Answer 10 · 2019-10-16T05:30:07.000Z

As stated in my original comment, I'm not really in favour for a generator tag of any sort either.

However, I reckon this is a discussion to have on the Wagtail repo which is why I encouraged the discussion to move over there.

That being said, @mojeto still being part of the team in charge of Made With Wagtail (while @thibaudcolas and myself aren't anymore), if they would rather continue without a generator tag, given that the need for such tag has only been voiced for MWW use (afaik, nobody else ever mentioned it), then maybe it's not even worth opening that discussion.

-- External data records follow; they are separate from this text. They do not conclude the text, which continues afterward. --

lemma bij_betw_moebius_farey_crossing:
  assumes "\<bar>mat2_det A\<bar> = 1"
  shows "bij_betw (image (moebius A)) (farey_crossing r1 r2)
           (farey_crossing (moebius A r1) (moebius A r2))"
proof (rule bij_betw_imageI)
  have det: "mat2_det A \<noteq> 0" using assms by auto
  show "inj_on (image (moebius A)) (farey_crossing r1 r2)"
    using inj_moebius[OF det] by (simp add: inj_on_def inj_image_eq_iff)
  have pullback: "moebius (mat2_adj A) ` L' \<in> farey_crossing r1 r2"
    if "L' \<in> farey_crossing (moebius A r1) (moebius A r2)" for L'
    using that moebius_farey_crossing_subset[of "mat2_adj A" "moebius A r1" "moebius A r2"] assms
    by (auto simp: moebius_adj[OF det])
  have "L' = moebius A ` moebius (mat2_adj A) ` L'" for L'
    using moebius_adj[of "mat2_adj A"] det by (simp add: image_image)
  then have "farey_crossing (moebius A r1) (moebius A r2) \<subseteq>
      image (moebius A) ` farey_crossing r1 r2"
    using pullback by (blast intro: rev_image_eqI)
  then show "image (moebius A) ` farey_crossing r1 r2 =
      farey_crossing (moebius A r1) (moebius A r2)"
    using moebius_farey_crossing_subset[OF assms] by (rule antisym[rotated])
qed

lemma card_farey_crossing_moebius:
  assumes "\<bar>mat2_det A\<bar> = 1"
  shows "card (farey_crossing (moebius A r1) (moebius A r2)) = card (farey_crossing r1 r2)"
    and "finite (farey_crossing (moebius A r1) (moebius A r2)) \<longleftrightarrow> finite (farey_crossing r1 r2)"
  using bij_betw_same_card bij_betw_finite bij_betw_moebius_farey_crossing[OF assms]
  by metis+

lemma farey_crossing_farey_line: "{r1, r2} \<in> farey_lines \<Longrightarrow> farey_crossing r1 r2 = {}"
  unfolding farey_crossing_def using farey_lines_not_linked by blast

lemma farey_line_through_0:
  assumes "{Some 0, r} \<in> farey_lines"
  shows "r = None \<or> (\<exists>k::int. r = Some (1 / of_int k))"
proof -
  obtain u v where uv: "slope u = Some 0" "slope v = r" "\<bar>det2 u v\<bar> = 1"
    using assms unfolding farey_lines_iff doubleton_eq_iff
    by (metis abs_minus_commute det2_def minus_diff_eq mult.commute)
  then have "fst u = 0" "snd u \<noteq> 0"
    by (auto simp: slope_def split: if_splits)
  then have "\<bar>snd u * fst v\<bar> = 1" using uv(3) by (simp add: det2_def)
  then have "\<bar>fst v\<bar> = 1" by (metis abs_zmult_eq_1 mult.commute)
  then have m: "fst v = 1 \<or> fst v = -1" by arith
  show ?thesis
  proof (cases "snd v = 0")
    case True
    then show ?thesis using uv(2) by (simp add: slope_def)
  next
    case False
    have "r = Some (of_int (fst v) / of_int (snd v))"
      using uv(2) False by (simp add: slope_def)
    also have "of_int (fst v) / of_int (snd v) = 1 / (of_int (fst v * snd v) :: rat)"
      using m False by auto
    finally show ?thesis by blast
  qed
qed

lemma farey_line_None_0: "{None, Some 0} \<in> farey_lines"
  using farey_line_slopes[of "(1, 0)" "(0, 1)"] by (simp add: det2_def slope_def)

lemma farey_line_0_1: "{Some 0, Some 1} \<in> farey_lines"
  using farey_line_slopes[of "(0, 1)" "(1, 1)"] by (simp add: det2_def slope_def)
lemma soft_bellman_dist_le:
  fixes P :: "'s::finite \<Rightarrow> 'a::finite \<Rightarrow> 's \<Rightarrow> real"
  assumes P_nonneg: "\<And>s a s'. P s a s' \<ge> 0"
    and P_sum: "\<And>s a. (\<Sum>s'\<in>UNIV. P s a s') = 1"
    and "0 \<le> \<gamma>" and "lam > 0"
    and K: "\<And>i. \<bar>Q1 i - Q2 i\<bar> \<le> K"
  shows "\<bar>soft_bellman P R \<gamma> lam Q1 i - soft_bellman P R \<gamma> lam Q2 i\<bar> \<le> \<gamma> * K"
proof -
  obtain s a where i: "i = (s, a)"
    by fastforce
  define L where "L Q s' = log_sum_exp lam (\<lambda>u. Q (s', u))" for Q :: "'s \<times> 'a \<Rightarrow> real" and s'
  have L: "\<bar>L Q1 s' - L Q2 s'\<bar> \<le> K" for s'
    unfolding L_def using assms by (intro log_sum_exp_dist_le) auto
  have diff: "soft_bellman P R \<gamma> lam Q1 i - soft_bellman P R \<gamma> lam Q2 i
      = \<gamma> * (\<Sum>s'\<in>UNIV. P s a s' * (L Q1 s' - L Q2 s'))"
    by (simp add: i soft_bellman_apply L_def right_diff_distrib sum_subtractf)
  have "\<bar>\<Sum>s'\<in>UNIV. P s a s' * (L Q1 s' - L Q2 s')\<bar> \<le> (\<Sum>s'\<in>UNIV. P s a s' * K)"
    using P_nonneg L by (intro order_trans[OF sum_abs] sum_mono) (simp add: abs_mult mult_left_mono)
  also have "\<dots> = K"
    using P_sum by (simp add: sum_distrib_right[symmetric])
  finally show ?thesis
    using \<open>0 \<le> \<gamma>\<close> by (simp add: diff abs_mult mult_left_mono)
qed

lemma gamma_pw_lower_bound:
  fixes w :: "'i::finite \<Rightarrow> real"
  assumes w: "\<And>i. w i > 0" and ws: "(\<Sum>i\<in>UNIV. w i) = 1" and "0 \<le> \<gamma>" "0 < p"
  shows "\<gamma> * (1 / Min (range w)) powr (1 / p) \<le> gamma_pw \<gamma> p w"
proof -
  define m M where "m = Min (range w)" and "M = Max (range w)"
  have m: "0 < m" and M: "\<And>i. w i \<le> M"
    using w by (auto simp: m_def M_def)
  have "1 = (\<Sum>i\<in>UNIV. w i)"
    using ws by simp
  also have "\<dots> \<le> real CARD('i) * M"
    using sum_mono[of UNIV w "\<lambda>_. M"] M by simp
  finally have "(1 / m) powr (1 / p) \<le> (real CARD('i) * (M / m)) powr (1 / p)"
    using m \<open>0 < p\<close> by (intro powr_mono2) (auto simp: divide_right_mono)
  also have "\<dots> = real CARD('i) powr (1 / p) * (M / m) powr (1 / p)"
    by (rule powr_mult)
  finally show ?thesis
    using \<open>0 \<le> \<gamma>\<close> unfolding gamma_pw_def m_def M_def
    by (simp add: mult.assoc mult_left_mono)
qed

text \<open>The sup-norm is at most \<open>(1 / w_min) powr (1 / p)\<close> times the weighted \<open>p\<close>-norm, and
  \<open>gamma_pw\<close> dominates \<open>\<gamma>\<close> times this factor because \<open>n * w_max \<ge> 1\<close>.\<close>

lemma soft_bellman_pw_contraction:
  fixes P :: "'s::finite \<Rightarrow> 'a::finite \<Rightarrow> 's \<Rightarrow> real"
    and w Q1 Q2 :: "'s \<times> 'a \<Rightarrow> real"
  assumes "\<And>s a s'. P s a s' \<ge> 0" "\<And>s a. (\<Sum>s'\<in>UNIV. P s a s') = 1"
    and "0 \<le> \<gamma>" "lam > 0"
    and w: "\<And>i. w i > 0" and ws: "(\<Sum>i\<in>UNIV. w i) = 1" and p: "0 < p"
  shows "pw_norm p w (\<lambda>i. soft_bellman P R \<gamma> lam Q1 i - soft_bellman P R \<gamma> lam Q2 i)
     \<le> gamma_pw \<gamma> p w * pw_norm p w (\<lambda>i. Q1 i - Q2 i)"
proof -
  define K where "K = pw_norm p w (\<lambda>i. Q1 i - Q2 i) * (1 / Min (range w)) powr (1 / p)"
  have "\<bar>Q1 i - Q2 i\<bar> \<le> K" for i
    unfolding K_def using w p by (rule abs_le_pw_norm)
  then have "pw_norm p w (\<lambda>i. soft_bellman P R \<gamma> lam Q1 i - soft_bellman P R \<gamma> lam Q2 i) \<le> \<gamma> * K"
    using assms by (intro pw_norm_le_uniform_bound soft_bellman_dist_le) auto
  also have "\<dots> \<le> gamma_pw \<gamma> p w * pw_norm p w (\<lambda>i. Q1 i - Q2 i)"
    using mult_right_mono[OF gamma_pw_lower_bound[OF w ws \<open>0 \<le> \<gamma>\<close> p] pw_norm_nonneg]
    unfolding K_def by (simp add: ac_simps)
  finally show ?thesis .
qed

subsection \<open>Residual bounds and the main estimate\<close>

lemma residual_le_dist_fixpoint:
  fixes F :: "('i::finite \<Rightarrow> real) \<Rightarrow> 'i \<Rightarrow> real"
  assumes "\<And>i. w i > 0" "1 \<le> p" and "F q = q"
    and contr: "pw_norm p w (\<lambda>i. F Q i - F q i) \<le> g * pw_norm p w (\<lambda>i. Q i - q i)"
  shows "pw_norm p w (\<lambda>i. F Q i - Q i) \<le> (1 + g) * pw_norm p w (\<lambda>i. Q i - q i)"
proof -
  have "pw_norm p w (\<lambda>i. F Q i - Q i) \<le> pw_norm p w (\<lambda>i. F Q i - q i) + pw_norm p w (\<lambda>i. q i - Q i)"
    by (rule pw_norm_diff_triangle[where w = w, OF assms(1,2)])
  then show ?thesis
    using contr \<open>F q = q\<close> by (simp add: pw_norm_minus_commute[of p w q] distrib_right)
qed

lemma dist_fixpoint_le_residual:
  fixes F :: "('i::finite \<Rightarrow> real) \<Rightarrow> 'i \<Rightarrow> real"
  assumes "\<And>i. w i > 0" "1 \<le> p" and "F q = q"
    and contr: "pw_norm p w (\<lambda>i. F Q i - F q i) \<le> g * pw_norm p w (\<lambda>i. Q i - q i)"
  shows "(1 - g) * pw_norm p w (\<lambda>i. Q i - q i) \<le> pw_norm p w (\<lambda>i. F Q i - Q i)"
proof -
  have "pw_norm p w (\<lambda>i. Q i - q i) \<le> pw_norm p w (\<lambda>i. Q i - F Q i) + pw_norm p w (\<lambda>i. F Q i - q i)"
    by (rule pw_norm_diff_triangle[where w = w, OF assms(1,2)])
  then show ?thesis
    using contr \<open>F q = q\<close> by (simp add: pw_norm_minus_commute[of p w Q] left_diff_distrib)
qed

lemma f_p_le_imp_residual_le:
  assumes "0 < p" "f_p P R \<gamma> lam p w \<Phi> \<theta>1 \<le> f_p P R \<gamma> lam p w \<Phi> \<theta>2"
  shows "pw_norm p w (\<lambda>i. soft_bellman P R \<gamma> lam (Qlin \<Phi> \<theta>1) i - Qlin \<Phi> \<theta>1 i)
    \<le> pw_norm p w (\<lambda>i. soft_bellman P R \<gamma> lam (Qlin \<Phi> \<theta>2) i - Qlin \<Phi> \<theta>2 i)"
proof (rule powr_le_cancel2)
  show "pw_norm p w (\<lambda>i. soft_bellman P R \<gamma> lam (Qlin \<Phi> \<theta>1) i - Qlin \<Phi> \<theta>1 i) powr p
    \<le> pw_norm p w (\<lambda>i. soft_bellman P R \<gamma> lam (Qlin \<Phi> \<theta>2) i - Qlin \<Phi> \<theta>2 i) powr p"
    using assms by (simp add: f_p_def divide_le_cancel)
qed (use assms in \<open>simp_all add: pw_norm_nonneg\<close>)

Answer 11 · 2020-11-18T16:54:44.000Z

I’ve finally taken the time to experiment with this and implemented detection based on image renditions, if anyone wants to try it out it’s available from https://detect-wagtail.netlify.app/, and the implementation details are further discussed in https://thib.me/detecting-wagtail-in-the-wild. This will be released in Wappalyzer soon: https://github.com/AliasIO/wappalyzer/pull/3546.

Having spent the time implementing this I find the question of whether or not to have a generator header / meta tag a bit moot – there are so many ways to detect Wagtail anyway, so I don’t think it’s worth adding that to Wagtail, but equally the absence of such a tag shouldn’t be construed as having any security benefit whatsoever.